I thought Gregory had tactfully turned away from our little tiff, but when he turned back, he was holding a couple of shot glasses filled to the brim with clear, yellow liquid. I hoped he wasn’t taking the piss. Or handing it to us, for that matter.
“This’ll put hair on your chests. Distilled by monks, so you can rest assured it has the official seal of approval from On High. Na zdravie!” Gregory downed the contents of his shot glass in one.
“Bottoms up,” I muttered and took a cautious sip. I managed not to turn bright red and cough up a lung, but it was a close-run thing. Forget growing hairs on chests, I could use this stuff to clear drains.

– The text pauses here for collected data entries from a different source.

lemma prime_set_cover:
  fixes N :: "'a::{finite,lattice} set"
  assumes f: "f \<in> closure_ops" and g: "g \<in> closure_ops"
    and "prime_set N" "N \<inter> fixset f \<inter> fixset g = {}"
  shows "\<exists>N\<^sub>1 N\<^sub>2. prime_set N\<^sub>1 \<and> prime_set N\<^sub>2 \<and> N\<^sub>1 \<inter> fixset f = {} \<and> N\<^sub>2 \<inter> fixset g = {}
    \<and> N \<subseteq> N\<^sub>1 \<union> N\<^sub>2"
  using assms(3,4)
proof (induction "card N" arbitrary: N rule: less_induct)
  case less
  show ?case
  proof (cases "N = {}")
    case True
    then show ?thesis using prime_set_empty by blast
  next
    case False
    define m where "m = Inf_fin N"
    have m: "m \<in> N" "\<forall>y\<in>N. m \<le> y"
      using Inf_fin_mem_meet_closed[OF finite False subset_refl] less.prems
        Inf_fin.coboundedI[OF finite]
      unfolding m_def prime_set_def by auto
    have IH: "\<exists>N\<^sub>1 N\<^sub>2. prime_set N\<^sub>1 \<and> prime_set N\<^sub>2 \<and> N\<^sub>1 \<inter> fixset f = {} \<and>
        N\<^sub>2 \<inter> fixset g = {} \<and> N \<inter> {x. h m \<le> x} \<subseteq> N\<^sub>1 \<union> N\<^sub>2"
      if "h \<in> closure_ops" "m \<notin> fixset h" for h
    proof (rule less.hyps)
      have "\<not> h m \<le> m"
        using that order.antisym unfolding closure_ops_def fixset_def by blast
      then have "N \<inter> {x. h m \<le> x} \<subset> N" using m by blast
      then show "card (N \<inter> {x. h m \<le> x}) < card N" by (simp add: psubset_card_mono)
      show "prime_set (N \<inter> {x. h m \<le> x})" using less.prems(1) by (rule prime_set_Int_upset)
      show "N \<inter> {x. h m \<le> x} \<inter> fixset f \<inter> fixset g = {}" using less.prems(2) by blast
    qed
    show ?thesis
    proof (cases "m \<in> fixset f")
      case False
      then obtain N\<^sub>1' N\<^sub>2 where N: "prime_set N\<^sub>1'" "prime_set N\<^sub>2" "N\<^sub>1' \<inter> fixset f = {}"
        "N\<^sub>2 \<inter> fixset g = {}" "N \<inter> {x. f m \<le> x} \<subseteq> N\<^sub>1' \<union> N\<^sub>2"
        using IH[OF f] by blast
      obtain N\<^sub>1 where "prime_set N\<^sub>1" "N\<^sub>1 \<inter> fixset f = {}" "N \<subseteq> N\<^sub>1 \<union> N\<^sub>2"
        using prime_set_cover_step[OF f m N(1,3,5)] by blast
      with N(2,4) show ?thesis by blast
    next
      case True
      then have "m \<notin> fixset g" using m less.prems by blast
      then obtain N\<^sub>1 N\<^sub>2' where N: "prime_set N\<^sub>1" "prime_set N\<^sub>2'" "N\<^sub>1 \<inter> fixset f = {}"
        "N\<^sub>2' \<inter> fixset g = {}" "N \<inter> {x. g m \<le> x} \<subseteq> N\<^sub>2' \<union> N\<^sub>1"
        using IH[OF g] by blast
      obtain N\<^sub>2 where "prime_set N\<^sub>2" "N\<^sub>2 \<inter> fixset g = {}" "N \<subseteq> N\<^sub>2 \<union> N\<^sub>1"
        using prime_set_cover_step[OF g m N(2,4,5)] by blast
      with N(1,3) show ?thesis by blast
    qed
  qed
qed

lemma additive_measure_mono:
  assumes "additive_measure \<mu>" "A \<subseteq> B"
  shows "\<mu> A \<le> \<mu> B"
proof -
  have "\<mu> B = \<mu> (A \<union> (B - A))" using assms(2) by (simp add: Un_absorb1)
  also have "\<dots> = \<mu> A + \<mu> (B - A)" using assms(1) unfolding additive_measure_def by blast
  finally show ?thesis using assms(1) unfolding additive_measure_def by auto
qed

lemma additive_measure_subadditive:
  assumes "additive_measure \<mu>"
  shows "\<mu> (A \<union> B) \<le> \<mu> A + \<mu> B"
proof -
  have "\<mu> (A \<union> B) = \<mu> A + \<mu> (B - A)"
    using assms unfolding additive_measure_def by (metis Diff_disjoint Un_Diff_cancel)
  also have "\<dots> \<le> \<mu> A + \<mu> B" using additive_measure_mono[OF assms, of "B - A" B] by auto
  finally show ?thesis .
qed

lemma finite_rk_image: "finite {rk \<mu> w | w :: 'a::finite \<Rightarrow> 'a. P w}"
  by (rule finite_subset[of _ "range (rk \<mu>)"]) auto

lemma rk_le_fragility:
  fixes f :: "'a::{finite,lattice} \<Rightarrow> 'a"
  assumes "w \<in> closure_ops" "w \<le> f" "prime_cl w"
  shows "rk \<mu> w \<le> fragility \<mu> f"
  unfolding fragility_def by (rule Max_ge[OF finite_rk_image]) (use assms in blast)

lemma fragility_le:
  fixes f :: "'a::{finite,lattice} \<Rightarrow> 'a"
  assumes "f \<in> closure_ops"
    and "\<And>w. w \<in> closure_ops \<Longrightarrow> w \<le> f \<Longrightarrow> prime_cl w \<Longrightarrow> rk \<mu> w \<le> c"
  shows "fragility \<mu> f \<le> c"
proof -
  have "id \<in> closure_ops" "id \<le> f" "prime_cl id"
    using assms(1) unfolding closure_ops_def prime_cl_def fixset_def le_fun_def by auto
  then have "{rk \<mu> w | w. w \<in> closure_ops \<and> w \<le> f \<and> prime_cl w} \<noteq> {}" by blast
  then show ?thesis
    unfolding fragility_def using assms(2) by (subst Max_le_iff[OF finite_rk_image]) auto
qed

lemma measure_prime_set_le_fragility:
  fixes f :: "'a::{finite,lattice} \<Rightarrow> 'a"
  assumes "f \<in> closure_ops" "prime_set N" "N \<inter> fixset f = {}"
  shows "\<mu> N \<le> fragility \<mu> f"
proof -
  note w = prime_cl_closure_of_compl[OF assms(2)]
  have "closure_of (- N) \<le> f"
    using closure_ops_le_iff_fixset[OF assms(1) w(1)] w(2) assms(3) by blast
  then have "rk \<mu> (closure_of (- N)) \<le> fragility \<mu> f"
    using rk_le_fragility w by blast
  then show ?thesis unfolding rk_def w(2) by (simp add: Diff_Diff_Int)
qed

theorem mainTheorem19:
  fixes \<mu> :: "('a::{finite,lattice}) set \<Rightarrow> real"
    and f g :: "'a \<Rightarrow> 'a"
  assumes "additive_measure \<mu>"
    and "f \<in> closure_ops" and "g \<in> closure_ops"
  shows "fragility \<mu> (cjoin f g) \<le> fragility \<mu> f + fragility \<mu> g"
proof (rule fragility_le)
  note fg = closure_ops_cjoin[OF assms(2,3)]
  show "cjoin f g \<in> closure_ops" by (rule fg(1))
  fix w assume w: "w \<in> closure_ops" "w \<le> cjoin f g" "prime_cl w"
  have "- fixset w \<inter> fixset f \<inter> fixset g = {}"
    using closure_ops_le_iff_fixset[OF fg(1) w(1)] w(2) fg(2) by blast
  then obtain N\<^sub>1 N\<^sub>2 where N: "prime_set N\<^sub>1" "prime_set N\<^sub>2" "N\<^sub>1 \<inter> fixset f = {}"
      "N\<^sub>2 \<inter> fixset g = {}" "- fixset w \<subseteq> N\<^sub>1 \<union> N\<^sub>2"
    using prime_set_cover[OF assms(2,3) prime_set_nonfixed[OF w(1,3)]] by blast
  have "rk \<mu> w = \<mu> (- fixset w)" unfolding rk_def by (simp add: Compl_eq_Diff_UNIV)
  also have "\<dots> \<le> \<mu> (N\<^sub>1 \<union> N\<^sub>2)" by (rule additive_measure_mono[OF assms(1) N(5)])
  also have "\<dots> \<le> \<mu> N\<^sub>1 + \<mu> N\<^sub>2" by (rule additive_measure_subadditive[OF assms(1)])
  also have "\<dots> \<le> fragility \<mu> f + fragility \<mu> g"
    using measure_prime_set_le_fragility[OF assms(2) N(1,3)]
      measure_prime_set_le_fragility[OF assms(3) N(2,4)] by (rule add_mono)
  finally show "rk \<mu> w \<le> fragility \<mu> f + fragility \<mu> g" .
qed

Phil, I saw out of the corner of my somewhat watering eye, had tossed his shot down in one just like the Extremely Reverend Greg. His face was blank of all expression, but I noticed his ears had gone a bit pink.
Bloody hell. Did canons and private eyes really get into pissing contests? Didn’t their cassocks get in the way? The clergymen, I meant. If Phil liked to go around in a cassock in his free time, clearly we weren’t yet at the stage of the relationship where he’d feel comfortable mentioning it to me.
“Nice stuff,” I lied a bit hoarsely and looked around for something else to talk about before he decided it was time for round two already. “Is your dog all right?” There was a border collie poking its nose around the far door to look at us nervously, showing no signs of plucking up the courage to come and be sociable. Usually, dogs are all over me, probably because I smell of cat.
(All right, I smell of what my mate Gary calls eau de plumber a lot of the time too, which, if you haven’t had the pleasure, is, I’m reliably informed, a sort of rancid putty aroma. It comes from the chemical sealants I use. But I’d had a shower and changed—twice, now I came to think about it—since work so today, it was all cat.)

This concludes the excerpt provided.